Stored items from a collection:
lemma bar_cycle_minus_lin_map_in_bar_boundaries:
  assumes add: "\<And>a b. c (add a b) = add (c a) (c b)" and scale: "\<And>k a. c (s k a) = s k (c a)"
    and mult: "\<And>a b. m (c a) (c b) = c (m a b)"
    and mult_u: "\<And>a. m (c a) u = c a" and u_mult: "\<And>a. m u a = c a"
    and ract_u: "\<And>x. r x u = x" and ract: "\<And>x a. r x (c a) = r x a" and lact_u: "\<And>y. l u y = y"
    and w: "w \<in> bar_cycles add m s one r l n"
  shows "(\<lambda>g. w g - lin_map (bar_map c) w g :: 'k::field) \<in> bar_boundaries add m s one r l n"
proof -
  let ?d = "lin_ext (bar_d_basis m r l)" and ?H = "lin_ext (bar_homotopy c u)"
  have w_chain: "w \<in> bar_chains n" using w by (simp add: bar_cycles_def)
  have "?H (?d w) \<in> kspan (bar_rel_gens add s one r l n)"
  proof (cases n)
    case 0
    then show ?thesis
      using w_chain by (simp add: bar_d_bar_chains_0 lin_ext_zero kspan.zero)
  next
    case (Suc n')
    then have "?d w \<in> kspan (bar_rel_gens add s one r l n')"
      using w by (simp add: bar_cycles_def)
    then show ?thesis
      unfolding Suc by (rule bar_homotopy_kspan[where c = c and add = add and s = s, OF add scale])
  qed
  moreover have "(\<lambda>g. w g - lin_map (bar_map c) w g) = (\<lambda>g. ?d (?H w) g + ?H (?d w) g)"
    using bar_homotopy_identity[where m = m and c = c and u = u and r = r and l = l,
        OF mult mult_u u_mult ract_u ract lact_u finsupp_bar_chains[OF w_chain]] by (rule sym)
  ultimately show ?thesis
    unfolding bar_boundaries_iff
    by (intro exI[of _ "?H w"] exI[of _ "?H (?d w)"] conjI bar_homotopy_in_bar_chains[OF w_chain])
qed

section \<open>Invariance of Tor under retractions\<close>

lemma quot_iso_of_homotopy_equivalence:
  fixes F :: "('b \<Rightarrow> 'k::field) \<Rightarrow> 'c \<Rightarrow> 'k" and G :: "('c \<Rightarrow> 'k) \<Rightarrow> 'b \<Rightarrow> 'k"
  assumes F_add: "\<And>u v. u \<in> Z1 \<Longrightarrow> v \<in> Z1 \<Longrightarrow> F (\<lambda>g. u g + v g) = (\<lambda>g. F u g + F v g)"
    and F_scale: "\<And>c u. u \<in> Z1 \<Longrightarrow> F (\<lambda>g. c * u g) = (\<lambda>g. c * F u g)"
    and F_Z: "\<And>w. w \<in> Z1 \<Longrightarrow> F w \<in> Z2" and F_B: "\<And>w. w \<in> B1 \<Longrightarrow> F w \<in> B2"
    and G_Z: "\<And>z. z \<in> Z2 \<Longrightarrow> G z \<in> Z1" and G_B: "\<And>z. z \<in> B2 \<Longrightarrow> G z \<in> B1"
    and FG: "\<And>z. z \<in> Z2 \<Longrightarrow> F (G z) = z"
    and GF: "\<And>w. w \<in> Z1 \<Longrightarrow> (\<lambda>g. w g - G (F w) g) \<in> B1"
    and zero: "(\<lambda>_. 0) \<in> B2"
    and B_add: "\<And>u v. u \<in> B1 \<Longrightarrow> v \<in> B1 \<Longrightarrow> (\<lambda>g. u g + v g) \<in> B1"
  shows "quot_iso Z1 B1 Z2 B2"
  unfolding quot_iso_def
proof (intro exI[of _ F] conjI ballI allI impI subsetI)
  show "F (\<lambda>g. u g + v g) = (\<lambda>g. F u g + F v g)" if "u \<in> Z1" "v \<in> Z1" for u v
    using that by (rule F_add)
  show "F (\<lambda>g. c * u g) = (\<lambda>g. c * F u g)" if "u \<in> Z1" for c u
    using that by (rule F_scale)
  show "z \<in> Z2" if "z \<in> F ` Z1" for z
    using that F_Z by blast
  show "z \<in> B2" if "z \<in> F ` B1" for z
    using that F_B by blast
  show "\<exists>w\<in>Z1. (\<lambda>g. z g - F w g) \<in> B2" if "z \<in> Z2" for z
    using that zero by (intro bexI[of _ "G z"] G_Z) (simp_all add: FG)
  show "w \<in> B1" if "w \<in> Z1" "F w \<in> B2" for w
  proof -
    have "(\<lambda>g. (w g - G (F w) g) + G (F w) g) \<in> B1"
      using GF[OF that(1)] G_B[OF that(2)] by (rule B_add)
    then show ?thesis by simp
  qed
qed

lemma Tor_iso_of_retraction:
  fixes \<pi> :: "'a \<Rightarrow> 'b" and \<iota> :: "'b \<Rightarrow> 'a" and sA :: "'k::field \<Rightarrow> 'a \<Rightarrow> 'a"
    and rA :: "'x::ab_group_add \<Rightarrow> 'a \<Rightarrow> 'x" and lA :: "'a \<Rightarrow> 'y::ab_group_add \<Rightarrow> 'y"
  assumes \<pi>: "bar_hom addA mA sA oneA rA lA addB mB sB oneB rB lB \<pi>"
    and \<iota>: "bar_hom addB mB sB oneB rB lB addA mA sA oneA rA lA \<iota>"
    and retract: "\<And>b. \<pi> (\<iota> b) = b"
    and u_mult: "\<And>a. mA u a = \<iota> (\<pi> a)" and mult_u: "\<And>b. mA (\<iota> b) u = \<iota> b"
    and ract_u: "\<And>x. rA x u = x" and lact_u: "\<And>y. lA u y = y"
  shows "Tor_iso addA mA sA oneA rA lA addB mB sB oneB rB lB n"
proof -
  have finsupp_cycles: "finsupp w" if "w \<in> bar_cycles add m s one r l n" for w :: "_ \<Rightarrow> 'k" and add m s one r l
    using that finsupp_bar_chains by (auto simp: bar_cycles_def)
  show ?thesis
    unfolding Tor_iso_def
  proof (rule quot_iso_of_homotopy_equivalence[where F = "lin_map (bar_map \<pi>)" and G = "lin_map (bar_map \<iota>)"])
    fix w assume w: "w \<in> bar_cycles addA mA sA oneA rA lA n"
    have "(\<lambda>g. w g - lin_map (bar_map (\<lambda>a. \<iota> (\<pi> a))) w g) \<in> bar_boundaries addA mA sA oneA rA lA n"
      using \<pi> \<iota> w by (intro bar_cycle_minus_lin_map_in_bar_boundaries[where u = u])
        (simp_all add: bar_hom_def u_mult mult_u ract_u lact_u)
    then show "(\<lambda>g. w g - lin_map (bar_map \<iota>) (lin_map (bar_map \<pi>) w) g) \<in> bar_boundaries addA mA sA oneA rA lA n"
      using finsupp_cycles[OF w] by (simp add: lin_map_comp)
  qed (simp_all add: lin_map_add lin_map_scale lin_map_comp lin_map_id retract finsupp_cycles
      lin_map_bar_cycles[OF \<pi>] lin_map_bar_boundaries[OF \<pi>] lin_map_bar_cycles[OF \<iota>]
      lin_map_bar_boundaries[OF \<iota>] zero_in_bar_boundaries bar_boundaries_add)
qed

* * *

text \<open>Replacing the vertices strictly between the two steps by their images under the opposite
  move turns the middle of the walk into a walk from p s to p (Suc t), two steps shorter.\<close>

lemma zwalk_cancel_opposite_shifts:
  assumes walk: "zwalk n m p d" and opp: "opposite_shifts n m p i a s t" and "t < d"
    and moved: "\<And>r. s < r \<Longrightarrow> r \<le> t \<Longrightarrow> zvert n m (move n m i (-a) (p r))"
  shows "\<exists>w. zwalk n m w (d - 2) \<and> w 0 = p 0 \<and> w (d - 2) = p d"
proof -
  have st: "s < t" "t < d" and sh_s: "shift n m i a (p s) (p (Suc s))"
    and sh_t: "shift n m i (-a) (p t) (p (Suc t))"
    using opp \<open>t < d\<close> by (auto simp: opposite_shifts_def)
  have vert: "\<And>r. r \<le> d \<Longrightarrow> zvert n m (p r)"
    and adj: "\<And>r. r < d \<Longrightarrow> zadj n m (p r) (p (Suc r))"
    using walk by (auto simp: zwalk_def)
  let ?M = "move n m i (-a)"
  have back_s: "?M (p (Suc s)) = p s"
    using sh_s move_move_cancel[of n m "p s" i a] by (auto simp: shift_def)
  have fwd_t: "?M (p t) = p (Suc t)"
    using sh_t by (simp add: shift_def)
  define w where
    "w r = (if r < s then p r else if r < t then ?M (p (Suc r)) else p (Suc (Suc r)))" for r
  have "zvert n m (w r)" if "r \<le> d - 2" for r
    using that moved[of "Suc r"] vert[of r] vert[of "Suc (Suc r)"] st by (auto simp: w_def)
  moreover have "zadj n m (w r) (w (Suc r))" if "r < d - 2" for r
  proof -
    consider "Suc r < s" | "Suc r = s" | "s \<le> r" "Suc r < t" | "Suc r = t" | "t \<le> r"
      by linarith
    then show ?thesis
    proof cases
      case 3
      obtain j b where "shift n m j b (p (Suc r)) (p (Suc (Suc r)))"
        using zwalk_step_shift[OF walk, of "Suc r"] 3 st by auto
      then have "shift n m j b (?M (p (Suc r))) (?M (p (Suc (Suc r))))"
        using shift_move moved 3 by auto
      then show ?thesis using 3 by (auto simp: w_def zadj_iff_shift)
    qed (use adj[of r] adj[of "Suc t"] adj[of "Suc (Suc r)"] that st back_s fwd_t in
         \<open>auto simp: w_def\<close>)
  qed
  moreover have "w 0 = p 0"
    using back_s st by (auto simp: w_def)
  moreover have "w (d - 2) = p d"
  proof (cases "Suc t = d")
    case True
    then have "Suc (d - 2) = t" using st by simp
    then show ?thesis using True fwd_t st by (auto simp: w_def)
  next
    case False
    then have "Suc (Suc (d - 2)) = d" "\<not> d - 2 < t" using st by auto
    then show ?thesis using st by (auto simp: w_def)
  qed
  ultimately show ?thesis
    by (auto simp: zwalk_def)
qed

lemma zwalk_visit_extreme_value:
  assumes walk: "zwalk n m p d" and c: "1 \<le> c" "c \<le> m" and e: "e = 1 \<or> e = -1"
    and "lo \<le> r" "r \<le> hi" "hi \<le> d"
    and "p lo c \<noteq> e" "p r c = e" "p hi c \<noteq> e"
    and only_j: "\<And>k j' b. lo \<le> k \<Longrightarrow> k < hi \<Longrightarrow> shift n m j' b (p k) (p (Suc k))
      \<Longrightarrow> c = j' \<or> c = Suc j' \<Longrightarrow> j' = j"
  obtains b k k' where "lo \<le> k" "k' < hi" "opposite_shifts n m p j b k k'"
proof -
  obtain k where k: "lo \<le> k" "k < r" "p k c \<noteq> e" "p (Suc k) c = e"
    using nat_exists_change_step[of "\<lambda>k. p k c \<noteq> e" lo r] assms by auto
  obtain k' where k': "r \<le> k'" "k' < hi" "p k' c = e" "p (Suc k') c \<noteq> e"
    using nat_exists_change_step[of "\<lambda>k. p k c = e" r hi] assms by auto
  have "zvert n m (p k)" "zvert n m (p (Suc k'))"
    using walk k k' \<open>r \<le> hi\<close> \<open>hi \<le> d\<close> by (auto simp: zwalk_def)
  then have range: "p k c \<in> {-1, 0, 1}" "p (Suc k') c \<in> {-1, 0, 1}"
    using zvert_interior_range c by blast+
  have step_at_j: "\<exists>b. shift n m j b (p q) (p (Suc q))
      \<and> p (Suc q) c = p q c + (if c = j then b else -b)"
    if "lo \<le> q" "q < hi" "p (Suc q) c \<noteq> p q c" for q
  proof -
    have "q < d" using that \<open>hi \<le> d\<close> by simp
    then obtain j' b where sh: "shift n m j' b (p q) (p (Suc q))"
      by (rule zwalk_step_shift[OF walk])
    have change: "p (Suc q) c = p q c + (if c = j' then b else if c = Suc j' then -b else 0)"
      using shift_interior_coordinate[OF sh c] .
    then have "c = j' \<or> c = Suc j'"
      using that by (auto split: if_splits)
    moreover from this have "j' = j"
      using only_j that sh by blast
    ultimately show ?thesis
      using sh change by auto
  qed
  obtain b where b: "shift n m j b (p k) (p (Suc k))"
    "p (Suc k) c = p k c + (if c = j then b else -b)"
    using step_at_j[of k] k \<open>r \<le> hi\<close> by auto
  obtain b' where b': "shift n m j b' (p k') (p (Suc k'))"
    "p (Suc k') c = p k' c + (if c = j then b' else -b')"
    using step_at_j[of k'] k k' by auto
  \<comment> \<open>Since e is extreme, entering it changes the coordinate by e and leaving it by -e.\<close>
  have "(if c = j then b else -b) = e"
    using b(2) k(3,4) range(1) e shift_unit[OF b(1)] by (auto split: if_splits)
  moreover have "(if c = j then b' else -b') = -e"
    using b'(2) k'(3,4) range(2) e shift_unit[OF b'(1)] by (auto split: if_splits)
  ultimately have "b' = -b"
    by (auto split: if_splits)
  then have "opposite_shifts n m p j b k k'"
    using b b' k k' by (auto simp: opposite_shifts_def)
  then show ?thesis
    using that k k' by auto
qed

* * *

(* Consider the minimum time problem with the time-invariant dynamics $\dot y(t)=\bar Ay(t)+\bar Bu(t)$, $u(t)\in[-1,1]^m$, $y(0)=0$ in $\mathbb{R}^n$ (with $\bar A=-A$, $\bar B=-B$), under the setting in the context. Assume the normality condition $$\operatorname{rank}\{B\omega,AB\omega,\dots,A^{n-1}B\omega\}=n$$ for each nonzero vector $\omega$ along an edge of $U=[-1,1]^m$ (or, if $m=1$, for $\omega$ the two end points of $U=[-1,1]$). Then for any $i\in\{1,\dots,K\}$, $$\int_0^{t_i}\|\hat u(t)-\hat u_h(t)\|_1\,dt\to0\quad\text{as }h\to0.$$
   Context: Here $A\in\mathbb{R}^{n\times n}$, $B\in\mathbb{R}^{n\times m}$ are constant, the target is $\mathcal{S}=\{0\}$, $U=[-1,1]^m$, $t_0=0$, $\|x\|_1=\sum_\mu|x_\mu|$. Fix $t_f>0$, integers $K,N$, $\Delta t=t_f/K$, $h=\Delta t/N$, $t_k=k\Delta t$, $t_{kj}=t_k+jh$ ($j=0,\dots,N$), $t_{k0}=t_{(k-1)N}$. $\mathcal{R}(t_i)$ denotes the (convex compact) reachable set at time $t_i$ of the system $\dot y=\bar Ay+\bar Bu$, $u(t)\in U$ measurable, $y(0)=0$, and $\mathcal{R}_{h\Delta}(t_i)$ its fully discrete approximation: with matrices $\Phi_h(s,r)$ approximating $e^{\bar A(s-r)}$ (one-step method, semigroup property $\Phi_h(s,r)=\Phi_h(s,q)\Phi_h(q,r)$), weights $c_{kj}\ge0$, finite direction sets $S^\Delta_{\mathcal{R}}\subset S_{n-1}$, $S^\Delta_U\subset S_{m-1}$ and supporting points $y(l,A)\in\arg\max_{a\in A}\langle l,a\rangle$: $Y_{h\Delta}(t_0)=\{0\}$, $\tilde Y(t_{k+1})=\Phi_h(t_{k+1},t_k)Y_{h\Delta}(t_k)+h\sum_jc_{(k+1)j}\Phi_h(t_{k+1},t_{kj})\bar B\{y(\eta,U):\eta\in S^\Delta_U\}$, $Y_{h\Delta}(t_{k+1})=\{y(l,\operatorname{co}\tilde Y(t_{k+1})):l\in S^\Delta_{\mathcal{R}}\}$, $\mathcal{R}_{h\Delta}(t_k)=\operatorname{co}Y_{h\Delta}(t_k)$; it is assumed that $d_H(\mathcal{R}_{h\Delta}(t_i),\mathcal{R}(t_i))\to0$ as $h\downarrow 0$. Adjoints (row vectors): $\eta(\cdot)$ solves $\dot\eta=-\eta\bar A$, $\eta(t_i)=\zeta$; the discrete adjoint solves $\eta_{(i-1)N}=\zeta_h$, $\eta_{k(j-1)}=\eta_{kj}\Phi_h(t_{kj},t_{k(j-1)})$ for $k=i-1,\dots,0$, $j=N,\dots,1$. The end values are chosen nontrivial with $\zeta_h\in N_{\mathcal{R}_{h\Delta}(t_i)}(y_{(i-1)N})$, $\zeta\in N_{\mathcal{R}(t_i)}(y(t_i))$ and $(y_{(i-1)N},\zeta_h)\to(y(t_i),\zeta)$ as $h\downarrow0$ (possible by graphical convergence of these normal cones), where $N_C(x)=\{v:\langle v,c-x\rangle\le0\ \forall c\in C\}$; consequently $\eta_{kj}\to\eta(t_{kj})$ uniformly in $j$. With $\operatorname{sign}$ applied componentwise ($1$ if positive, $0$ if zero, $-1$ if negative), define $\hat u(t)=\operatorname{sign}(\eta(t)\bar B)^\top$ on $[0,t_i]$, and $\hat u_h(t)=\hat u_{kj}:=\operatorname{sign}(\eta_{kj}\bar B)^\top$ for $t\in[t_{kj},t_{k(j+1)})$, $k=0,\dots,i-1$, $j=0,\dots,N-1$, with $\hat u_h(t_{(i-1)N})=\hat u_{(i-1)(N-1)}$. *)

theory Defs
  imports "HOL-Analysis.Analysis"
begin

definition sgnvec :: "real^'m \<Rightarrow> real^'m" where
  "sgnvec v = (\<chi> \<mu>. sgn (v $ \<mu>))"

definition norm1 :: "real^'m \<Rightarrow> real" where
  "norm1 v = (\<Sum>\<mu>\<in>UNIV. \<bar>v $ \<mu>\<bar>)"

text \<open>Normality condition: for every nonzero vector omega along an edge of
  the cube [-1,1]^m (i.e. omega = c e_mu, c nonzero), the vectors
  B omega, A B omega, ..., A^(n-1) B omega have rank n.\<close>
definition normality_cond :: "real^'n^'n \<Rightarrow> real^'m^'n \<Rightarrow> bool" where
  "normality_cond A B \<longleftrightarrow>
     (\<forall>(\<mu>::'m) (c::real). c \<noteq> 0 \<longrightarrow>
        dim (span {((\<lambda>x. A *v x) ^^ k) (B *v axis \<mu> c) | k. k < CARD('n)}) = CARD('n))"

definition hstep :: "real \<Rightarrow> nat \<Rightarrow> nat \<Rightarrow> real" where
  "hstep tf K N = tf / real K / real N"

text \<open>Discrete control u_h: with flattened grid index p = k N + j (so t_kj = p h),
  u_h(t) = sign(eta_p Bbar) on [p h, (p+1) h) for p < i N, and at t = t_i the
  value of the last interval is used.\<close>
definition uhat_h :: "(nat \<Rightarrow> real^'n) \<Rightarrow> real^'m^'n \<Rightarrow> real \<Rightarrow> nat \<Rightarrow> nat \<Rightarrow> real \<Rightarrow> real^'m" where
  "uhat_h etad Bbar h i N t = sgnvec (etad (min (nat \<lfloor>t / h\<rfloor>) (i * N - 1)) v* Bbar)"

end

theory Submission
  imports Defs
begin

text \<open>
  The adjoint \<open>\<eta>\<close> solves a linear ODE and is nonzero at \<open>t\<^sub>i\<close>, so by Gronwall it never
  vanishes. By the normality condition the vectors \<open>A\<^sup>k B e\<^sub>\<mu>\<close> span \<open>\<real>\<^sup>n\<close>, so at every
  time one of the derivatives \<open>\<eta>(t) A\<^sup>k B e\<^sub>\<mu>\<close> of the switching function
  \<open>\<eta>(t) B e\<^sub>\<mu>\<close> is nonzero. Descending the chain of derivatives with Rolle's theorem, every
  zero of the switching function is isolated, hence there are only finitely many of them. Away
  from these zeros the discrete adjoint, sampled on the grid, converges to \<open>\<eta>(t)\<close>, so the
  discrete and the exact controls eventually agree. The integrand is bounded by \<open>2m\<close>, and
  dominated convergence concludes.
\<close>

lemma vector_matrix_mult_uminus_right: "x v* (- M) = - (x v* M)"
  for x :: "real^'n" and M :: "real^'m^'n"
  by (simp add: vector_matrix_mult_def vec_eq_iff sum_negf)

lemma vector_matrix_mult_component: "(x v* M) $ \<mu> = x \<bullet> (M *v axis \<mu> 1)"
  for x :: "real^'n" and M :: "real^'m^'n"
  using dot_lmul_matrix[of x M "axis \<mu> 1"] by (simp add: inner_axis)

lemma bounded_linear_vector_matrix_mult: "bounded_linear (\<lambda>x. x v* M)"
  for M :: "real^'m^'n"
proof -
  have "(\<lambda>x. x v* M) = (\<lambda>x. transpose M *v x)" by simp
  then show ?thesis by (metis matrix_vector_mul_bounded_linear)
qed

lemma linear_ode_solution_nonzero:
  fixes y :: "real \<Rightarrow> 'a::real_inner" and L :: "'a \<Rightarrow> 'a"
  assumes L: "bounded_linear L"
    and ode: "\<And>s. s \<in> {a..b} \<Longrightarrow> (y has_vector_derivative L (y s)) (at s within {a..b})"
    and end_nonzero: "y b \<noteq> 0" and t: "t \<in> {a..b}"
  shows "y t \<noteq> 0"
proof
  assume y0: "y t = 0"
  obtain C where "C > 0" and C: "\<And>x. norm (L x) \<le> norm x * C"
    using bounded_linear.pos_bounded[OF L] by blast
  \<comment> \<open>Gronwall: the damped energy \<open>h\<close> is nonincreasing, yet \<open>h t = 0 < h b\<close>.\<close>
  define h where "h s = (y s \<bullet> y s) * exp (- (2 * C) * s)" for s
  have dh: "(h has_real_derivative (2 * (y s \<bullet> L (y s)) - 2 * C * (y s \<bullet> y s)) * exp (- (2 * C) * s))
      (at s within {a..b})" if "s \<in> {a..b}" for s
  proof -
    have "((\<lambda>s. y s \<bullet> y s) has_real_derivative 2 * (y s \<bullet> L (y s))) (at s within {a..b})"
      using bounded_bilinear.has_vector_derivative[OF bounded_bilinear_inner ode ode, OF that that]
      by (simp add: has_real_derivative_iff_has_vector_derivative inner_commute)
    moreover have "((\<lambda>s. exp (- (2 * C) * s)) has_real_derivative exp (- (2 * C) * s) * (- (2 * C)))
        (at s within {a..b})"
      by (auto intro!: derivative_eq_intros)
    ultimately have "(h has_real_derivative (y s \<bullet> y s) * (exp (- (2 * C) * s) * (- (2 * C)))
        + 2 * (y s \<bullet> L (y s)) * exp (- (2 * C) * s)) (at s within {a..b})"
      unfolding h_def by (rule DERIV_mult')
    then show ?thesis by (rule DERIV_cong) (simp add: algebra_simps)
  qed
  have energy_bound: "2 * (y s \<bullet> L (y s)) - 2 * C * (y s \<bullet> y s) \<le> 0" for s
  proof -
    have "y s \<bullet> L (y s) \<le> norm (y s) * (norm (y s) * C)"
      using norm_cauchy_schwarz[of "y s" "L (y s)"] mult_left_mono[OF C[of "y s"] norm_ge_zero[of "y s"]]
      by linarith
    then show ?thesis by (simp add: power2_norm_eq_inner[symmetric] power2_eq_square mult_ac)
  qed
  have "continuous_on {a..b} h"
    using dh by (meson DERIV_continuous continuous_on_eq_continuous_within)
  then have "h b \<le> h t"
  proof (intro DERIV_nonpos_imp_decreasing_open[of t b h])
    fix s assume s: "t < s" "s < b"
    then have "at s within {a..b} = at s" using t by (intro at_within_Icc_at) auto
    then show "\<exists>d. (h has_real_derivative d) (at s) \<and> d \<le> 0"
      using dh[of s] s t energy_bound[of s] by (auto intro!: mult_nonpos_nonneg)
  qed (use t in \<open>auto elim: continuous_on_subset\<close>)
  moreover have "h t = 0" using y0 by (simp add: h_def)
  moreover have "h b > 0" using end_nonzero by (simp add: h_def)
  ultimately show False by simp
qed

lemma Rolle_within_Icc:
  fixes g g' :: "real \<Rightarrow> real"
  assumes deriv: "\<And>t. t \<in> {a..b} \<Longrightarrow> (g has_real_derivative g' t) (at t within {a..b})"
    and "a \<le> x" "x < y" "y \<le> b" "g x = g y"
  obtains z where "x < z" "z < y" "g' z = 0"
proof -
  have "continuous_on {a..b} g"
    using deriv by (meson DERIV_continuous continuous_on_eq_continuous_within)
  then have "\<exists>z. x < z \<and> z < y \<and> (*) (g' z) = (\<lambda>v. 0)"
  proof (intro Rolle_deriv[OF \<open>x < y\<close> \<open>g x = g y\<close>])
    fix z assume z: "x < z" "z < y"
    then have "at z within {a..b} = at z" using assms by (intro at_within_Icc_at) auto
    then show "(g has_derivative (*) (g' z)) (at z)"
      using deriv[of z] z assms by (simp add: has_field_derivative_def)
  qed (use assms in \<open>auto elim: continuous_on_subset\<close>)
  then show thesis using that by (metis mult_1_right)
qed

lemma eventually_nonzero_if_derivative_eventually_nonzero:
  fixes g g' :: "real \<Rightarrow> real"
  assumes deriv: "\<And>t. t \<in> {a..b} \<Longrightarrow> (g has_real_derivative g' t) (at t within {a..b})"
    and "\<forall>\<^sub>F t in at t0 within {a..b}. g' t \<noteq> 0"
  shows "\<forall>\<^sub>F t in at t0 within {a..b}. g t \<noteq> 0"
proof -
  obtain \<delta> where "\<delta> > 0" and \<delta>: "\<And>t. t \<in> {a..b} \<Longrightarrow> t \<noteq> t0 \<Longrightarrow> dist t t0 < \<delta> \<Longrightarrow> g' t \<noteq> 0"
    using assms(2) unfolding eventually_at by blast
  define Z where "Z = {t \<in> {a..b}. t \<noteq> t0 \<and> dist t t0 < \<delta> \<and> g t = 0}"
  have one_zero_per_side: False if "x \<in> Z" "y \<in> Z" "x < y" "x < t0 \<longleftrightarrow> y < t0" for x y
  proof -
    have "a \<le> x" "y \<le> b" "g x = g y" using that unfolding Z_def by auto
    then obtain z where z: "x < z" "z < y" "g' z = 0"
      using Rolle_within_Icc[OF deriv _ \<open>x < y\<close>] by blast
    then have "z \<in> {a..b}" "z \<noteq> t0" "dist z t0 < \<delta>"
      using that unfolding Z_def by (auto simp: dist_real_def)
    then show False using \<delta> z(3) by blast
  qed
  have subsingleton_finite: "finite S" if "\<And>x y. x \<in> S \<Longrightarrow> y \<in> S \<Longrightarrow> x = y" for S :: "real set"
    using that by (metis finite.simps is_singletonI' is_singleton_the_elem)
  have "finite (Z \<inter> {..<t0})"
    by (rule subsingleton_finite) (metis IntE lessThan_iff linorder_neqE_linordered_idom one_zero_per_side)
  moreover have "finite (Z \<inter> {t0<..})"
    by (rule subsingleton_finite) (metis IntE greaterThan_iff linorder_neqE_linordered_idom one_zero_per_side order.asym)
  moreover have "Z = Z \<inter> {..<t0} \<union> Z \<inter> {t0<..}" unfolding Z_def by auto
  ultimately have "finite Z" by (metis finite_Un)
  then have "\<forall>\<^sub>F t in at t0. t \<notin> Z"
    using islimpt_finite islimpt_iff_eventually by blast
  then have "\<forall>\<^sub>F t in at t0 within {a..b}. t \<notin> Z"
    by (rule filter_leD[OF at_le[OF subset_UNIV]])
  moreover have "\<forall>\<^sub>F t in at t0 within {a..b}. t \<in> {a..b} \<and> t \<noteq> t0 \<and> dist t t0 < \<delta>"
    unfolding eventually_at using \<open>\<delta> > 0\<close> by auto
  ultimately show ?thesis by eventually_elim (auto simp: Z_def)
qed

EXERCISE OBJECTIVE
Whenever a line above includes "split", copy it in full.

RESPONSE AREA
      using that by (auto split: if_splits)
    using b(2) k(3,4) range(1) e shift_unit[OF b(1)] by (auto split: if_splits)
    using b'(2) k'(3,4) range(2) e shift_unit[OF b'(1)] by (auto split: if_splits)
    by (auto split: if_splits)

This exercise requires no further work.